Assignment> In the data below, find each line that contains the word "union" and copy it.

Data shown>

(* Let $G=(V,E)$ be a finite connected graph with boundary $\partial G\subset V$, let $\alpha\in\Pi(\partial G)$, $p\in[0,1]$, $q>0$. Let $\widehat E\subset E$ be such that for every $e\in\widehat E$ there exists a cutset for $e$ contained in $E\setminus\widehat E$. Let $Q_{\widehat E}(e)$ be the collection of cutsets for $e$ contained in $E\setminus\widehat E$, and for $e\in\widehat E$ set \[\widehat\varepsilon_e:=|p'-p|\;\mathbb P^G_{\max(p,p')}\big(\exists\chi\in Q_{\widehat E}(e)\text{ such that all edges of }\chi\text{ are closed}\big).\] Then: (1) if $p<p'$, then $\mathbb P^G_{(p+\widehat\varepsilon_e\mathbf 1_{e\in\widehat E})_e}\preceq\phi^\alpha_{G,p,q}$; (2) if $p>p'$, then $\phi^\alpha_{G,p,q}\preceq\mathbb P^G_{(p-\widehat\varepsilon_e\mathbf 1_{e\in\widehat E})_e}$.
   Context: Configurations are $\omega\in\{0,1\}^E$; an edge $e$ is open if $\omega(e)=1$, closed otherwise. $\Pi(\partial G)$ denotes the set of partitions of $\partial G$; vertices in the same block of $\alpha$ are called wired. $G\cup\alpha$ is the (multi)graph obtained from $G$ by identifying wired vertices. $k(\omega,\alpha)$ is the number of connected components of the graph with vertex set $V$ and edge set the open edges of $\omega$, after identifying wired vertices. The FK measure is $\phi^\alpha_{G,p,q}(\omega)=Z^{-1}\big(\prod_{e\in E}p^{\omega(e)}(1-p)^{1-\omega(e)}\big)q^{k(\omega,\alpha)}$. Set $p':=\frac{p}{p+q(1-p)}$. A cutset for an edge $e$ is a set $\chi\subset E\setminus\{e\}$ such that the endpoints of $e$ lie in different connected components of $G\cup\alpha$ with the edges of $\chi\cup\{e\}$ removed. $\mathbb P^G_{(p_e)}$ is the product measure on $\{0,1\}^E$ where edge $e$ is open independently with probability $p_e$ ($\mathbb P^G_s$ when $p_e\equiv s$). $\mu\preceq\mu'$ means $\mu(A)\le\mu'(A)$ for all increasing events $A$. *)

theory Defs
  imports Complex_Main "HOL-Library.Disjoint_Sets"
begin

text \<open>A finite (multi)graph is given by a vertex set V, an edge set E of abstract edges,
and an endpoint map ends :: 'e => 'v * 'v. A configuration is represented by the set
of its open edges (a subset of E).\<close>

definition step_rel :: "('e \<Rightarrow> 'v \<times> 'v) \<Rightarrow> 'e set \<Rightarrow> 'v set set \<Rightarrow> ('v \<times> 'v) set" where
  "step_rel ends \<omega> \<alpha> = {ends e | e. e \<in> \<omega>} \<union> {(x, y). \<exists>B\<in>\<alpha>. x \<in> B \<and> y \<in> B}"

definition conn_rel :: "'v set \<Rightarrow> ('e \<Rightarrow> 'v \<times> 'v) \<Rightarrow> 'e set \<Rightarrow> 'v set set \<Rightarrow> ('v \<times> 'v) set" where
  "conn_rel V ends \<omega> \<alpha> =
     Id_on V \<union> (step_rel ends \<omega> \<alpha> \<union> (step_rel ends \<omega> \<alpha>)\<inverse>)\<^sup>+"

Reply>
  "step_rel ends \<omega> \<alpha> = {ends e | e. e \<in> \<omega>} \<union> {(x, y). \<exists>B\<in>\<alpha>. x \<in> B \<and> y \<in> B}"
     Id_on V \<union> (step_rel ends \<omega> \<alpha> \<union> (step_rel ends \<omega> \<alpha>)\<inverse>)\<^sup>+"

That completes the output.